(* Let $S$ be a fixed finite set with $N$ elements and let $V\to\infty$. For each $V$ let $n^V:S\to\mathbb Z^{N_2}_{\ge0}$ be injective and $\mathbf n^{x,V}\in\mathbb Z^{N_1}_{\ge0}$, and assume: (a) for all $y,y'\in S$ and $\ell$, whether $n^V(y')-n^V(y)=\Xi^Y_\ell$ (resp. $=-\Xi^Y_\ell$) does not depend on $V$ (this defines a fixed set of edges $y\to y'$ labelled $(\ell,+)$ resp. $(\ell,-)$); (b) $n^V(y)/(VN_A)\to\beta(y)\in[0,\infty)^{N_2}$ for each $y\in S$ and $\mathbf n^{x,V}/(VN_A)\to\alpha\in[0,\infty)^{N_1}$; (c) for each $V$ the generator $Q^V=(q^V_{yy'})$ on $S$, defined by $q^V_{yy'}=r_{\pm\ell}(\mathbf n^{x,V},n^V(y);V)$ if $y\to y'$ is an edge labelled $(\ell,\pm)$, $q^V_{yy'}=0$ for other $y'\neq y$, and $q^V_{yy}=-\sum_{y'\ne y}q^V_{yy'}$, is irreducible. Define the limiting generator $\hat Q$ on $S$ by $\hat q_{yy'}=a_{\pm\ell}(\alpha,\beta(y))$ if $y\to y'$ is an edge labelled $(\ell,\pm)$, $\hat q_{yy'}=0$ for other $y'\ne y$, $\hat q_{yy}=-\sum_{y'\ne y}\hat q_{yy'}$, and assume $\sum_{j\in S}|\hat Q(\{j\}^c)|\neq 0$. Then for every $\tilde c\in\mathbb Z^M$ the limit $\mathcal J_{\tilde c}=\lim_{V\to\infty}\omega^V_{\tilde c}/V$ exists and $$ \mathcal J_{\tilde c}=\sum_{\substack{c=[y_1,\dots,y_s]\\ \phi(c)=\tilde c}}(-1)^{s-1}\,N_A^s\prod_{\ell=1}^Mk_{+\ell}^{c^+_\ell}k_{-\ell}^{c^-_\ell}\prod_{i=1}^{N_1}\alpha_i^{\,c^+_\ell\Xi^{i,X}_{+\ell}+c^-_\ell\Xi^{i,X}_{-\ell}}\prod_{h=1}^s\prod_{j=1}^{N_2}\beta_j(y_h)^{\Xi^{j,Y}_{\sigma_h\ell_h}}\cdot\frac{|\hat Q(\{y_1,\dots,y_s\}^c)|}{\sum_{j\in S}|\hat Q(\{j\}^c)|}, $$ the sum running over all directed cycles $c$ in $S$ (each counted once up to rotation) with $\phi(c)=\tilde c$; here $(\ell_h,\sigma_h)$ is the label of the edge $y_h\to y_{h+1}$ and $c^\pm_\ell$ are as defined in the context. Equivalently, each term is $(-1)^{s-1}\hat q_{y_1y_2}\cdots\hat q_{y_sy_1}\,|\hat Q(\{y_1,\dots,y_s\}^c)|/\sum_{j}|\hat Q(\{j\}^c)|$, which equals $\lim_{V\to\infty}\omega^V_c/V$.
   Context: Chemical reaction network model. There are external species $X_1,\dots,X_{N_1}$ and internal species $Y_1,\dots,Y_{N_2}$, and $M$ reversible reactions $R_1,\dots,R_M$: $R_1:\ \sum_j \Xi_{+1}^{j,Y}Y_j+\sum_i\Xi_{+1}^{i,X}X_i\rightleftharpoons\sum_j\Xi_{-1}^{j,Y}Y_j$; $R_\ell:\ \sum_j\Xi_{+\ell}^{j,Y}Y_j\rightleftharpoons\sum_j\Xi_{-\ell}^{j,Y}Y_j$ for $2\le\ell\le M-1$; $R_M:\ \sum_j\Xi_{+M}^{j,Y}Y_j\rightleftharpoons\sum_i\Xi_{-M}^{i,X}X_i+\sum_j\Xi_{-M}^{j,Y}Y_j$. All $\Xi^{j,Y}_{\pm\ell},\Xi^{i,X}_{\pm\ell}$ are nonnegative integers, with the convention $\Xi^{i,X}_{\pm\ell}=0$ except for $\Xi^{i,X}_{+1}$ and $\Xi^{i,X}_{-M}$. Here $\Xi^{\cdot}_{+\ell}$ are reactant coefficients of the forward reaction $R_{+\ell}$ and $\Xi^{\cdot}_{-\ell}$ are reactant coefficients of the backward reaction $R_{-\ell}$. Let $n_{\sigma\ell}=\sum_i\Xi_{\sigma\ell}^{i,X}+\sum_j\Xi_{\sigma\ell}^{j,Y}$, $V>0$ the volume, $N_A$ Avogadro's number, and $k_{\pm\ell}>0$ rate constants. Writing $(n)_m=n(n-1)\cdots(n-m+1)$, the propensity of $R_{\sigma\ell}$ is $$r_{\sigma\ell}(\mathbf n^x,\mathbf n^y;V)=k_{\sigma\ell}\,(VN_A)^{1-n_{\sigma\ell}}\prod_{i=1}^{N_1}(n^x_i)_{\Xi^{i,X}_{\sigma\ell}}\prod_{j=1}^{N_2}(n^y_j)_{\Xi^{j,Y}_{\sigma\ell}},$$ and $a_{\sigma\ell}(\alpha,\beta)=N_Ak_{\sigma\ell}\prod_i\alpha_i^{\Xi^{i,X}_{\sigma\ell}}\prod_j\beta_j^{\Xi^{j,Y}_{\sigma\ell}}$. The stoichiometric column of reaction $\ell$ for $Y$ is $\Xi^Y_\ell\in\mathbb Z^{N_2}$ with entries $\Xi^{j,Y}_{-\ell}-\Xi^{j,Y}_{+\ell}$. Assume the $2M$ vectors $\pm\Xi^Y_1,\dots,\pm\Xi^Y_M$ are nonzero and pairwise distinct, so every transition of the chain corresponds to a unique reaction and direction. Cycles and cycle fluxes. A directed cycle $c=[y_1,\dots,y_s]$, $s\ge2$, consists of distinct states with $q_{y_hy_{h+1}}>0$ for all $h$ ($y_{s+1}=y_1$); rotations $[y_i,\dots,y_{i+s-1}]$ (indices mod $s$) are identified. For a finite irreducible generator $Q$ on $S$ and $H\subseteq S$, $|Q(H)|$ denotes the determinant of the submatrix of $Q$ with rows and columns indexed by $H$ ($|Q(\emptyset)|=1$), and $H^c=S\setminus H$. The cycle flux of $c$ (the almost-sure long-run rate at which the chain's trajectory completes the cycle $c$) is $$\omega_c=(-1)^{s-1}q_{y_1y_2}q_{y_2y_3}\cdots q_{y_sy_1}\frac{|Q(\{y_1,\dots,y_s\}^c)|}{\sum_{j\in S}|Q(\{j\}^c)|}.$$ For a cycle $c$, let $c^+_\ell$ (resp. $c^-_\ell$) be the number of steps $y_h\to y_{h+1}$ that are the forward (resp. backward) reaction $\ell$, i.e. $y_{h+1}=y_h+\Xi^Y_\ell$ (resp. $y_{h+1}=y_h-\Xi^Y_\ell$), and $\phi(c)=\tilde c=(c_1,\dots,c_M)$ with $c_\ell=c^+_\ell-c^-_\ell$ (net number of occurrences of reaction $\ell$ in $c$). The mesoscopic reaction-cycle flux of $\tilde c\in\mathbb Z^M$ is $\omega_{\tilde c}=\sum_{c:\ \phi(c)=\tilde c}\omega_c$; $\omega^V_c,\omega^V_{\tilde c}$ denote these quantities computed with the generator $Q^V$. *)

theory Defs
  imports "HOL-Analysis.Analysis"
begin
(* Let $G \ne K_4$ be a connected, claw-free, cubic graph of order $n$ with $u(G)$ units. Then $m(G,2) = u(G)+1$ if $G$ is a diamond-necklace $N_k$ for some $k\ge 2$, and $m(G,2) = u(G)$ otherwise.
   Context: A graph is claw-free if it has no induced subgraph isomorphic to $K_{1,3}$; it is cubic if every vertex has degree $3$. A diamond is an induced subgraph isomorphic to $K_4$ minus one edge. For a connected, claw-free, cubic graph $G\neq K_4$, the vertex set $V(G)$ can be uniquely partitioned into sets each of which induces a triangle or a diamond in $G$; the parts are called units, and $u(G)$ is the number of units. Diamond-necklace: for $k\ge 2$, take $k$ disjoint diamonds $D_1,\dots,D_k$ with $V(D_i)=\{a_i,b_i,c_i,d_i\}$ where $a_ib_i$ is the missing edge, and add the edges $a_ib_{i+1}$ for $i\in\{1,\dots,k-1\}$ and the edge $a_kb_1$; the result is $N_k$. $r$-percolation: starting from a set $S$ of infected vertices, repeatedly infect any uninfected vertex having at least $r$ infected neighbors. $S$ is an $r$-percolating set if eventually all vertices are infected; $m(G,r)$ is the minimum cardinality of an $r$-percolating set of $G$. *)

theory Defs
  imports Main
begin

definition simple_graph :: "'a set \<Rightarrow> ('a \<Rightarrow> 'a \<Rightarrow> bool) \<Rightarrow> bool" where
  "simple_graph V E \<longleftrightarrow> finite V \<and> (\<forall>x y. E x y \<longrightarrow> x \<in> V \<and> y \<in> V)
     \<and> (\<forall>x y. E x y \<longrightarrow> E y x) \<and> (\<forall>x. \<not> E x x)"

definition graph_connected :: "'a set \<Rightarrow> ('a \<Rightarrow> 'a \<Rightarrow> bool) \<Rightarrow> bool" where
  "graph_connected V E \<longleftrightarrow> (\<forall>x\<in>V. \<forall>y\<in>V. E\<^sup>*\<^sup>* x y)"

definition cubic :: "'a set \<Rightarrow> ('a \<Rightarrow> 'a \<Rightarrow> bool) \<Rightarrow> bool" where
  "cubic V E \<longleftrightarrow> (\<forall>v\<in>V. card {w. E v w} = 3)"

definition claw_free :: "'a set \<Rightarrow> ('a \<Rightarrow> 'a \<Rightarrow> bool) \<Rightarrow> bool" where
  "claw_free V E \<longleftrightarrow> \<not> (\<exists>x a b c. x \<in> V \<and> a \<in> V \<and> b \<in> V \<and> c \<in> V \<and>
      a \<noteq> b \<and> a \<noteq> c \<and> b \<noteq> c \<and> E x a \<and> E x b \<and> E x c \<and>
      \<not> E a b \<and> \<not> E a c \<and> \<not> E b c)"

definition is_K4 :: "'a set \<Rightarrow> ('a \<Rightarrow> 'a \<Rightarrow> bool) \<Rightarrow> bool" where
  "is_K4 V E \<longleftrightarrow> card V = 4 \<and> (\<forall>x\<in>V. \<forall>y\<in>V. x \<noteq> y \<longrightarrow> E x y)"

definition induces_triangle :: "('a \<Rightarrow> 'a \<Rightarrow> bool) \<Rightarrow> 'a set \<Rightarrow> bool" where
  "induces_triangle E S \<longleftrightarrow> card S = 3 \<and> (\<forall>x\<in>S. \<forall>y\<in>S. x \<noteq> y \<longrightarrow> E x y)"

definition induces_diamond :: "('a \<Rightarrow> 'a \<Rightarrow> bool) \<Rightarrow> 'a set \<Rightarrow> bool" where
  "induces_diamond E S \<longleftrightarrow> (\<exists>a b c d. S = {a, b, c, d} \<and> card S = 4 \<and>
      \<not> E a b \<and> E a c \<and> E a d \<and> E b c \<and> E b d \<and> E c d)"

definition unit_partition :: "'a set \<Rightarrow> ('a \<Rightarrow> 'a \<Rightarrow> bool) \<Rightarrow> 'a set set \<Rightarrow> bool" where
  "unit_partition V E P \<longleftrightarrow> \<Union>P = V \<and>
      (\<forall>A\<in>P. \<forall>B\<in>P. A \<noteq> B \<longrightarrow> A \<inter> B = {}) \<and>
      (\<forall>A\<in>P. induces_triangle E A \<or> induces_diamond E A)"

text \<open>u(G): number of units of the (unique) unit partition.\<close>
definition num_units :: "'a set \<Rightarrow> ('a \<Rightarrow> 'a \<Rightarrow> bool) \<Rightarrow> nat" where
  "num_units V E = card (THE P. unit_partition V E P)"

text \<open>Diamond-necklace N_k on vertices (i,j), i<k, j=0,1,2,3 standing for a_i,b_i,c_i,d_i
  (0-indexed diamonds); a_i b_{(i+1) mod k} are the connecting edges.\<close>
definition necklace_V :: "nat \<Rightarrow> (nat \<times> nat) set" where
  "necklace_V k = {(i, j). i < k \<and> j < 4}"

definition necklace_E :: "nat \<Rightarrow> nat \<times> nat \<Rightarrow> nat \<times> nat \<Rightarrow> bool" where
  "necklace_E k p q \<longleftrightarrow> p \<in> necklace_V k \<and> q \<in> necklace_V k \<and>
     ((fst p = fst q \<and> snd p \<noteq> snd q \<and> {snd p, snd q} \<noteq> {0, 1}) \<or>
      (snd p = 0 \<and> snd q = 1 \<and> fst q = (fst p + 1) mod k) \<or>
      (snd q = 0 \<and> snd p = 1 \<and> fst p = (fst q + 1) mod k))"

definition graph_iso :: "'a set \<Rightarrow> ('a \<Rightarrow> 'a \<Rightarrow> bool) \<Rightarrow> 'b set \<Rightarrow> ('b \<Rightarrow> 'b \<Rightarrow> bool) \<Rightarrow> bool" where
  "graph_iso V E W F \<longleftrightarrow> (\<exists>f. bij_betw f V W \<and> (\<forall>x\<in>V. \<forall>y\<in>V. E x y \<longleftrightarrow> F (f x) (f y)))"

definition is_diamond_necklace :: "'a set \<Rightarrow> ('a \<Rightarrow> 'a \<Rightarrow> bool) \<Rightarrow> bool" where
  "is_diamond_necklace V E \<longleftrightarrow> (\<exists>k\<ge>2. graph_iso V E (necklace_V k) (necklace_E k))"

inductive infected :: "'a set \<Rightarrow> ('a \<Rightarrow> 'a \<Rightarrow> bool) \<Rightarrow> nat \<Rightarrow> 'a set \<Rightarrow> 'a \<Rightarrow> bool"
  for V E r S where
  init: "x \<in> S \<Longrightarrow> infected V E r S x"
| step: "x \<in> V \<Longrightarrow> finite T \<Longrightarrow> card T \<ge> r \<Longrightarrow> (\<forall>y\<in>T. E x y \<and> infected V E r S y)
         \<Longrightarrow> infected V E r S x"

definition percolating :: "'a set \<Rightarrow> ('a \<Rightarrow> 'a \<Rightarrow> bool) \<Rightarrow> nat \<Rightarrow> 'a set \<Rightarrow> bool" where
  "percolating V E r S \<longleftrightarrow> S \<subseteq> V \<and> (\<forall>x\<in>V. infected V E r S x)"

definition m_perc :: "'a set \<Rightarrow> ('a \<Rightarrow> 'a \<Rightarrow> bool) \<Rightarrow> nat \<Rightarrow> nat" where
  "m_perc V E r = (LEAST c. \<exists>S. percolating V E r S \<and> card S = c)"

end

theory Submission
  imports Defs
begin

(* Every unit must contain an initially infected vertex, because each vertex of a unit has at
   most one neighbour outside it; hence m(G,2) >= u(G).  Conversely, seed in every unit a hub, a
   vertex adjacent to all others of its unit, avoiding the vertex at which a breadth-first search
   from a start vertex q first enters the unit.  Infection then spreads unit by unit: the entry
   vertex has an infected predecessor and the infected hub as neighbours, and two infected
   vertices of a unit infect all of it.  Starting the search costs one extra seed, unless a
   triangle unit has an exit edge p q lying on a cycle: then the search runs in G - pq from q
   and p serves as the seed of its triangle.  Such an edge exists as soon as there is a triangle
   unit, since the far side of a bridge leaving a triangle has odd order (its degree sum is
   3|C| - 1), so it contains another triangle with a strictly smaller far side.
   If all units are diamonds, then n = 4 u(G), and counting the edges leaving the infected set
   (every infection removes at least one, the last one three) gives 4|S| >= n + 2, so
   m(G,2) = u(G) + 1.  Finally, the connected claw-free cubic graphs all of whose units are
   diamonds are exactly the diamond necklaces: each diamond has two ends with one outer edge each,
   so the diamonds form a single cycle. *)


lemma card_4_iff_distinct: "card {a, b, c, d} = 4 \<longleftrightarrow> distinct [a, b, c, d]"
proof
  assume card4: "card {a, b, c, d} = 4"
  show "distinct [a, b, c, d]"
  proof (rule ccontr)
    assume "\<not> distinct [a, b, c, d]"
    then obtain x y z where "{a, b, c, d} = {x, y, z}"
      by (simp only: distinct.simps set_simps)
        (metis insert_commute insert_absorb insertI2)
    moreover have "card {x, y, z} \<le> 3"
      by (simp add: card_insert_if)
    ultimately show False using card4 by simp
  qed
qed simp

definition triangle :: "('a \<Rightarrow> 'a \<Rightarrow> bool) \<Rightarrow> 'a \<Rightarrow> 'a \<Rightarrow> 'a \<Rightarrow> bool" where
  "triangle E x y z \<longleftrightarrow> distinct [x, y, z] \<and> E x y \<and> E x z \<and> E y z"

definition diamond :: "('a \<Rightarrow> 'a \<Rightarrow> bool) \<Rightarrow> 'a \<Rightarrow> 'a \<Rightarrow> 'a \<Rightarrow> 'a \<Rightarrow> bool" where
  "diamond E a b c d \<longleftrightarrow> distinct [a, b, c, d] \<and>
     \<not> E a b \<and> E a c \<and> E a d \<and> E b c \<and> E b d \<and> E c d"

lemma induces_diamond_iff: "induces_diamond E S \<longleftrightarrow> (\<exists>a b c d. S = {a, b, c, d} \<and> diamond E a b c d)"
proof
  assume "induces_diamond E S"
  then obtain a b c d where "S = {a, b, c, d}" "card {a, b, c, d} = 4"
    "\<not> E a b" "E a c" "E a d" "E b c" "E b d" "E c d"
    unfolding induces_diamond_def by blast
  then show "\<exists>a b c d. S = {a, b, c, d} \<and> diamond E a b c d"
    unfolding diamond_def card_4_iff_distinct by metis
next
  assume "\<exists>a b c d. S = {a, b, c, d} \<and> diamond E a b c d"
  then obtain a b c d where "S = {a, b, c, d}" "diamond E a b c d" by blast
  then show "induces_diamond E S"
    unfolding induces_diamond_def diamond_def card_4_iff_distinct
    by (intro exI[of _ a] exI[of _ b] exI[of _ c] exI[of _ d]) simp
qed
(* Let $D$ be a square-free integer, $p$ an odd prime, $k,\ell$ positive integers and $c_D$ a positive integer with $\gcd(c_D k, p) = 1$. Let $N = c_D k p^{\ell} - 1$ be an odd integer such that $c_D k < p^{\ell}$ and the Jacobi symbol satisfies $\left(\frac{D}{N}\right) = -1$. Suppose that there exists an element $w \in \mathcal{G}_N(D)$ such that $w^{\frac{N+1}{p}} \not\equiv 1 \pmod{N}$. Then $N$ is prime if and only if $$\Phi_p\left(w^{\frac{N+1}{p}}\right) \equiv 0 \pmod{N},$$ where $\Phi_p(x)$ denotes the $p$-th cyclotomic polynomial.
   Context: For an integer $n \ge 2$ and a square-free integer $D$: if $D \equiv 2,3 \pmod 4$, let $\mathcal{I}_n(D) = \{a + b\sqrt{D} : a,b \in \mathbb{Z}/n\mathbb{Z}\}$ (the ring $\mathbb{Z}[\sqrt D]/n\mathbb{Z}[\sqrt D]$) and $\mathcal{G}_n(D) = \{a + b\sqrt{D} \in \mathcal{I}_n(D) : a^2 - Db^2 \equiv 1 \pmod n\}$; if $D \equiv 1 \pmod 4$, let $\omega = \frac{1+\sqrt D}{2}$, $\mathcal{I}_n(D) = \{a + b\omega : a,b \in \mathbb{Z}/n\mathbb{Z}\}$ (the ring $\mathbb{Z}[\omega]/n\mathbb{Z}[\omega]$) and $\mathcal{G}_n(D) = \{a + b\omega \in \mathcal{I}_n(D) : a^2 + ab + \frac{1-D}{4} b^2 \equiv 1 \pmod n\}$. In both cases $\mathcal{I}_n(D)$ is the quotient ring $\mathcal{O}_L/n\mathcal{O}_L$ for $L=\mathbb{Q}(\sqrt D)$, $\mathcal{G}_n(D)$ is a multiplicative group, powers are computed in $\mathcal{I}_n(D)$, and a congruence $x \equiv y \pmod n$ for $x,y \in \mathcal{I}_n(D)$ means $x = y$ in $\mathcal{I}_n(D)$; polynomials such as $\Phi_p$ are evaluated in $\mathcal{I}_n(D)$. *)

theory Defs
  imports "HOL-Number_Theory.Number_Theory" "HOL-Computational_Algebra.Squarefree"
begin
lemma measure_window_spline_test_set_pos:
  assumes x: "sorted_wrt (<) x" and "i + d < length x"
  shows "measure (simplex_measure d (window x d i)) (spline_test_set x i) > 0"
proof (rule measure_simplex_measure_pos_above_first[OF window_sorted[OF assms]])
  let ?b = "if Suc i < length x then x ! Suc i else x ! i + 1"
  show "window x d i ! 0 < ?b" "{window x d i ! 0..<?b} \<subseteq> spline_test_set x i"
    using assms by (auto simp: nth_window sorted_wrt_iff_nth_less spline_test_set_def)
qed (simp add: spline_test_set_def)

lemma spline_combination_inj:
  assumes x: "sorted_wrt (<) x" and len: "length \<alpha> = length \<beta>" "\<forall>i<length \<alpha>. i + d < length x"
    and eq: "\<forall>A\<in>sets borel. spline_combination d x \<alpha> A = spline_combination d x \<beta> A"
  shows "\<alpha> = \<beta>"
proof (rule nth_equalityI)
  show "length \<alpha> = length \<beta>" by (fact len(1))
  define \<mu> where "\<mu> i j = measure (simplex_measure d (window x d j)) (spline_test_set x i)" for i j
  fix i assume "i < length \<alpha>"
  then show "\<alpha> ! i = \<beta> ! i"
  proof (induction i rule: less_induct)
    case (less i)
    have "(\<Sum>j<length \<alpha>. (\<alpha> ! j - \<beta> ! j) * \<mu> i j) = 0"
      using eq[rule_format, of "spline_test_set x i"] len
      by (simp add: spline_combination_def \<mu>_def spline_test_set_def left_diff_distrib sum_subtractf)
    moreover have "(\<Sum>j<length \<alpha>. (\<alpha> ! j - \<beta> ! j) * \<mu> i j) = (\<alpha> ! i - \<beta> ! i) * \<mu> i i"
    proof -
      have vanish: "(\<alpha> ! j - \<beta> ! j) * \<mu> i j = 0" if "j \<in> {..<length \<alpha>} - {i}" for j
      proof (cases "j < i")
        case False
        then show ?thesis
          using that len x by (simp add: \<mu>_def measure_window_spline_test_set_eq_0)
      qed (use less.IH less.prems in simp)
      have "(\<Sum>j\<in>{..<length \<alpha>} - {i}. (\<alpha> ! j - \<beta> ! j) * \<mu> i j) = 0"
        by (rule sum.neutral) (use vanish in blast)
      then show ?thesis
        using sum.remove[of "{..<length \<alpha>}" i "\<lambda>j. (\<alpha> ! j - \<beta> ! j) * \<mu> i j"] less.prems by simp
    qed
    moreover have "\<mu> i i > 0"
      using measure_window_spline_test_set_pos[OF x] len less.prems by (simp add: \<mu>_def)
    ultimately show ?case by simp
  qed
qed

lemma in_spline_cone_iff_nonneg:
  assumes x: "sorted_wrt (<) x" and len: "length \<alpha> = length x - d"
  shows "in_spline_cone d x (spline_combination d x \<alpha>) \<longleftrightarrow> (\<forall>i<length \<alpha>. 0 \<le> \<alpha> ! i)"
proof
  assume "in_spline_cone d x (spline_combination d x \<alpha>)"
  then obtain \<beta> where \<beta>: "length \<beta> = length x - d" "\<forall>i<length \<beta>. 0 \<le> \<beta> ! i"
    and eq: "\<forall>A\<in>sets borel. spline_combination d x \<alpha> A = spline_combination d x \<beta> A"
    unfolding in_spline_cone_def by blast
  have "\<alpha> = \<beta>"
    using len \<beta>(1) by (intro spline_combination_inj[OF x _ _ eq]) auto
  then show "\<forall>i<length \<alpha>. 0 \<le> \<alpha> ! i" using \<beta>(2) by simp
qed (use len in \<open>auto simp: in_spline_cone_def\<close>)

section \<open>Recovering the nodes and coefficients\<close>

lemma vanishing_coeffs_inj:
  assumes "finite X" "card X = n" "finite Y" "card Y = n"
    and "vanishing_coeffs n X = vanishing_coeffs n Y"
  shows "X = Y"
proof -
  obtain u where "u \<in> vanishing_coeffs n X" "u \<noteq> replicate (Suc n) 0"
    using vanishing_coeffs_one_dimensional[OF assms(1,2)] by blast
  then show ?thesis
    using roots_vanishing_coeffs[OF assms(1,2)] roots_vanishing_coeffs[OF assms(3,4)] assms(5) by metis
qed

Problem statement
Could you restate, word for word, the lines above from the one with "W F \<longleftrightarrow>" to the one with "S \<Longrightarrow> infected", both included?

Answer to the exercise
  "graph_iso V E W F \<longleftrightarrow> (\<exists>f. bij_betw f V W \<and> (\<forall>x\<in>V. \<forall>y\<in>V. E x y \<longleftrightarrow> F (f x) (f y)))"

definition is_diamond_necklace :: "'a set \<Rightarrow> ('a \<Rightarrow> 'a \<Rightarrow> bool) \<Rightarrow> bool" where
  "is_diamond_necklace V E \<longleftrightarrow> (\<exists>k\<ge>2. graph_iso V E (necklace_V k) (necklace_E k))"

inductive infected :: "'a set \<Rightarrow> ('a \<Rightarrow> 'a \<Rightarrow> bool) \<Rightarrow> nat \<Rightarrow> 'a set \<Rightarrow> 'a \<Rightarrow> bool"
  for V E r S where
  init: "x \<in> S \<Longrightarrow> infected V E r S x"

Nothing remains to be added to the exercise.